### [Work item]
Print all of the data exactly as written.

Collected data
^^^^

(* Let $\beta>0$ and $n\ge 1$. For every $0<r<R$, \[\lambda_\beta(B_r)\le\left(\frac{\mathcal{L}^n(B_R)}{\mathcal{L}^n(B_r)}\right)^{2/n}\lambda_\beta(B_R),\] where $B_r$ and $B_R$ are balls in $\mathbb{R}^n$ of radii $r$ and $R$ respectively.
   Context: For an open bounded Lipschitz set $A\subset\mathbb{R}^n$ and $\beta>0$, the Robin eigenvalue is $\lambda_\beta(A)=\inf\left\{\frac{\int_A|\nabla v|^2\,d\mathcal{L}^n+\beta\int_{\partial A}v^2\,d\mathcal{H}^{n-1}}{\int_A v^2\,d\mathcal{L}^n}\ :\ v\in W^{1,2}(A)\setminus\{0\}\right\}$. *)

theory Defs
  imports "HOL-Analysis.Analysis"
begin

text \<open>Size of a covering set C for the s-dimensional Hausdorff measure:
  omega_s (diam C / 2)^s, with the convention that the empty set contributes 0
  (so that for s = 0 one obtains the counting measure).\<close>

definition haus_gauge :: "nat \<Rightarrow> 'a::euclidean_space set \<Rightarrow> real" where
  "haus_gauge s C = (if C = {} then 0 else unit_ball_vol (real s) * (diameter C / 2) ^ s)"

definition hausdorff_pre :: "nat \<Rightarrow> real \<Rightarrow> 'a::euclidean_space set \<Rightarrow> ennreal" where
  "hausdorff_pre s \<delta> E =
     Inf {(\<Sum>i. ennreal (haus_gauge s (C i))) | C :: nat \<Rightarrow> 'a set.
            E \<subseteq> (\<Union>i. C i) \<and> (\<forall>i. bounded (C i) \<and> diameter (C i) \<le> \<delta>)}"

definition hausdorff :: "nat \<Rightarrow> 'a::euclidean_space set \<Rightarrow> ennreal" where
  "hausdorff s E = (SUP \<delta>\<in>{0<..}. hausdorff_pre s \<delta> E)"

text \<open>Integral of a nonnegative function f over S with respect to the outer measure
  H^s, via the layer-cake formula.\<close>

definition hausdorff_integral :: "nat \<Rightarrow> 'a::euclidean_space set \<Rightarrow> ('a \<Rightarrow> real) \<Rightarrow> ennreal" where
  "hausdorff_integral s S f = (\<integral>\<^sup>+ t\<in>{0<..}. hausdorff s {x\<in>S. f x > t} \<partial>lborel)"

definition test_function :: "'a::euclidean_space set \<Rightarrow> ('a \<Rightarrow> real) \<Rightarrow> ('a \<Rightarrow> 'a) \<Rightarrow> bool" where
  "test_function A \<phi> D\<phi> \<longleftrightarrow>
     (\<forall>x. (\<phi> has_derivative (\<lambda>h. D\<phi> x \<bullet> h)) (at x)) \<and> continuous_on UNIV D\<phi> \<and>
     compact (closure {x. \<phi> x \<noteq> 0}) \<and> closure {x. \<phi> x \<noteq> 0} \<subseteq> A"

definition weak_gradient :: "'a::euclidean_space set \<Rightarrow> ('a \<Rightarrow> real) \<Rightarrow> ('a \<Rightarrow> 'a) \<Rightarrow> bool" where
  "weak_gradient A v g \<longleftrightarrow>
     (\<forall>\<phi> D\<phi>. test_function A \<phi> D\<phi> \<longrightarrow>
        (LINT x:A|lebesgue. v x *\<^sub>R D\<phi> x) = - (LINT x:A|lebesgue. \<phi> x *\<^sub>R g x))"

definition W12 :: "'a::euclidean_space set \<Rightarrow> ('a \<Rightarrow> real) \<Rightarrow> ('a \<Rightarrow> 'a) \<Rightarrow> bool" where
  "W12 A v g \<longleftrightarrow>
     (\<lambda>x. indicator A x * v x) \<in> borel_measurable lebesgue \<and>
     (\<lambda>x. indicator A x *\<^sub>R g x) \<in> borel_measurable lebesgue \<and>
     set_integrable lebesgue A (\<lambda>x. (v x)\<^sup>2) \<and>
     set_integrable lebesgue A (\<lambda>x. (norm (g x))\<^sup>2) \<and>
     weak_gradient A v g"

text \<open>Boundary trace, defined through averages over B(x,rho) intersected with A
  (for Lipschitz domains this agrees H^{n-1}-a.e. on the boundary with the trace).\<close>

definition boundary_trace :: "'a::euclidean_space set \<Rightarrow> ('a \<Rightarrow> real) \<Rightarrow> 'a \<Rightarrow> real" where
  "boundary_trace A v x =
     Lim (at_right 0) (\<lambda>\<rho>. (LINT y:(ball x \<rho> \<inter> A)|lebesgue. v y) / measure lebesgue (ball x \<rho> \<inter> A))"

^^^^

### [Response below]
(* Let $\beta>0$ and $n\ge 1$. For every $0<r<R$, \[\lambda_\beta(B_r)\le\left(\frac{\mathcal{L}^n(B_R)}{\mathcal{L}^n(B_r)}\right)^{2/n}\lambda_\beta(B_R),\] where $B_r$ and $B_R$ are balls in $\mathbb{R}^n$ of radii $r$ and $R$ respectively.
   Context: For an open bounded Lipschitz set $A\subset\mathbb{R}^n$ and $\beta>0$, the Robin eigenvalue is $\lambda_\beta(A)=\inf\left\{\frac{\int_A|\nabla v|^2\,d\mathcal{L}^n+\beta\int_{\partial A}v^2\,d\mathcal{H}^{n-1}}{\int_A v^2\,d\mathcal{L}^n}\ :\ v\in W^{1,2}(A)\setminus\{0\}\right\}$. *)

theory Defs
  imports "HOL-Analysis.Analysis"
begin

text \<open>Size of a covering set C for the s-dimensional Hausdorff measure:
  omega_s (diam C / 2)^s, with the convention that the empty set contributes 0
  (so that for s = 0 one obtains the counting measure).\<close>

definition haus_gauge :: "nat \<Rightarrow> 'a::euclidean_space set \<Rightarrow> real" where
  "haus_gauge s C = (if C = {} then 0 else unit_ball_vol (real s) * (diameter C / 2) ^ s)"

definition hausdorff_pre :: "nat \<Rightarrow> real \<Rightarrow> 'a::euclidean_space set \<Rightarrow> ennreal" where
  "hausdorff_pre s \<delta> E =
     Inf {(\<Sum>i. ennreal (haus_gauge s (C i))) | C :: nat \<Rightarrow> 'a set.
            E \<subseteq> (\<Union>i. C i) \<and> (\<forall>i. bounded (C i) \<and> diameter (C i) \<le> \<delta>)}"

definition hausdorff :: "nat \<Rightarrow> 'a::euclidean_space set \<Rightarrow> ennreal" where
  "hausdorff s E = (SUP \<delta>\<in>{0<..}. hausdorff_pre s \<delta> E)"

text \<open>Integral of a nonnegative function f over S with respect to the outer measure
  H^s, via the layer-cake formula.\<close>

definition hausdorff_integral :: "nat \<Rightarrow> 'a::euclidean_space set \<Rightarrow> ('a \<Rightarrow> real) \<Rightarrow> ennreal" where
  "hausdorff_integral s S f = (\<integral>\<^sup>+ t\<in>{0<..}. hausdorff s {x\<in>S. f x > t} \<partial>lborel)"

definition test_function :: "'a::euclidean_space set \<Rightarrow> ('a \<Rightarrow> real) \<Rightarrow> ('a \<Rightarrow> 'a) \<Rightarrow> bool" where
  "test_function A \<phi> D\<phi> \<longleftrightarrow>
     (\<forall>x. (\<phi> has_derivative (\<lambda>h. D\<phi> x \<bullet> h)) (at x)) \<and> continuous_on UNIV D\<phi> \<and>
     compact (closure {x. \<phi> x \<noteq> 0}) \<and> closure {x. \<phi> x \<noteq> 0} \<subseteq> A"

definition weak_gradient :: "'a::euclidean_space set \<Rightarrow> ('a \<Rightarrow> real) \<Rightarrow> ('a \<Rightarrow> 'a) \<Rightarrow> bool" where
  "weak_gradient A v g \<longleftrightarrow>
     (\<forall>\<phi> D\<phi>. test_function A \<phi> D\<phi> \<longrightarrow>
        (LINT x:A|lebesgue. v x *\<^sub>R D\<phi> x) = - (LINT x:A|lebesgue. \<phi> x *\<^sub>R g x))"

definition W12 :: "'a::euclidean_space set \<Rightarrow> ('a \<Rightarrow> real) \<Rightarrow> ('a \<Rightarrow> 'a) \<Rightarrow> bool" where
  "W12 A v g \<longleftrightarrow>
     (\<lambda>x. indicator A x * v x) \<in> borel_measurable lebesgue \<and>
     (\<lambda>x. indicator A x *\<^sub>R g x) \<in> borel_measurable lebesgue \<and>
     set_integrable lebesgue A (\<lambda>x. (v x)\<^sup>2) \<and>
     set_integrable lebesgue A (\<lambda>x. (norm (g x))\<^sup>2) \<and>
     weak_gradient A v g"

text \<open>Boundary trace, defined through averages over B(x,rho) intersected with A
  (for Lipschitz domains this agrees H^{n-1}-a.e. on the boundary with the trace).\<close>

definition boundary_trace :: "'a::euclidean_space set \<Rightarrow> ('a \<Rightarrow> real) \<Rightarrow> 'a \<Rightarrow> real" where
  "boundary_trace A v x =
     Lim (at_right 0) (\<lambda>\<rho>. (LINT y:(ball x \<rho> \<inter> A)|lebesgue. v y) / measure lebesgue (ball x \<rho> \<inter> A))"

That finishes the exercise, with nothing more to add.